Estradas vicinais do litoral sul de SP estão 'num estado de dar dó'
Avaliação das prefeituras das cidades da região em relação ao estado de conservação das vias é péssima
Publicado em 12/04/2011, 08:50
Última atualização às 08:50
A rodovia Padre Manoel da Nóbrega – a de maior movimento da Baixada Santista e que liga o Vale do Ribeira ao Estado –, foi duplicada até o primeiro trevo de Peruíbe, mas está inacabada. “Ficou o compromisso de o governo estadual terminar e isso não aconteceu” – diz a prefeita de Peruíbe, Milena Bargieri. Segundo ela, o trecho duplicado tem muitos acidentes devido ao excesso de velocidade dos veículos e ao fato de os pedestres não atravessarem a rodovia nas passarelas. Há ainda o problema das estradas vicinais. “Fomos beneficiados com o asfaltamento de cinco km da rodovia Armando Cunha, porém temos uma zona rural muito extensa.”
Com a visita do governador Geraldo Alckmin à região, a prefeita pretende reivindicar mais infraestrutura para enfrentar o período de chuvas em sua cidade: “Vou batalhar por mais recursos com o governador. Nosso projeto de macro e microdrenagem, para resolver o problema das enchentes, é de R$ 155 milhões, quase todo o orçamento anual da Prefeitura.”
O prefeito de Apiaí, Emilson Couras da Silva, também fala da importância da liberação de verba para asfaltar a estrada que liga Apiaí a Iporanga. “A estrada hoje está cheia de buracos e, quando chove, há muita lama. São 42 km que ligam o Alto Vale ao Baixo Vale. Se cuidarmos bem dessa estrada, aumentaremos o turismo na região” - diz ele.

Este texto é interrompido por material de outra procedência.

lemma partner_image_bridge_subset: "p ` B \<subseteq> {0..<N}"
  using bridge_set_subset partner_lt by auto

lemma lost_visits_subset: "lost_visits \<subseteq> {0..<N}"
  unfolding lost_visits_def using bridge_set_subset partner_image_bridge_subset by blast

lemma lost_visits_closed: "x \<in> lost_visits \<Longrightarrow> p x \<in> lost_visits"
  unfolding lost_visits_def using bridge_set_subset by auto

(* A bridge meets each of its crossings once, so k crossings give 2k lost visits. *)
lemma card_lost_visits: "card lost_visits = 2 * k"
proof -
  have "inj_on p B"
  proof (rule inj_onI)
    fix x y assume "x \<in> B" "y \<in> B" "p x = p y"
    then have "p (p x) = p (p y)" "x < N" "y < N" using bridge_set_subset by auto
    then show "x = y" by simp
  qed
  then have "card (p ` B) = k" using card_bridge_set by (simp add: card_image)
  moreover have "B \<inter> p ` B = {}" using bridge_visits_unpaired by blast
  moreover have "finite B" "finite (p ` B)"
    using bridge_set_subset partner_image_bridge_subset finite_subset by blast+
  ultimately show ?thesis
    unfolding lost_visits_def using card_bridge_set by (simp add: card_Un_disjoint)
qed

lemma set_kept: "set kept = {t. t < N - k \<and> p (after t) \<notin> B}"
  unfolding kept_def by auto

lemma kept_lt: "t \<in> set kept \<Longrightarrow> t < N - k"
  unfolding set_kept by simp

lemma sorted_kept: "sorted_wrt (<) kept"
  unfolding kept_def by (rule sorted_wrt_filter) simp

Segundo a prefeita Déia Fátima Viana Leite Moreira da Silva, de Miracatu, os 14 km da estrada da Serra do Moraes são importantíssimos para os agricultores da região. Ela espera que Alckmin libere a verba para asfaltar a estrada. ”Acredito que ainda saia neste ano” – diz. No ano passado, Miracatu recebeu R$ 1 milhão do governo federal para recuperação de estradas e pontes.
Outra cidade com problemas é Cananeia. O prefeito Adriano Cesar Dias afirma que é difícil manter as estradas vicinais, já que não recebe recursos e a cidade se situa numa grande área de preservação ambiental. “O programa Melhor Caminho, do governo estadual, libera verba anualmente para deixar em condições de tráfego as estradas vicinais, sem asfalto. Mas há 150 km de estradas em condições ruins. Precisaríamos de mais recursos” – diz o prefeito. “A última vez que recebi verba do Estado para recapeamento foi para os 25 km da Estrada da Aroeira, em 2009”.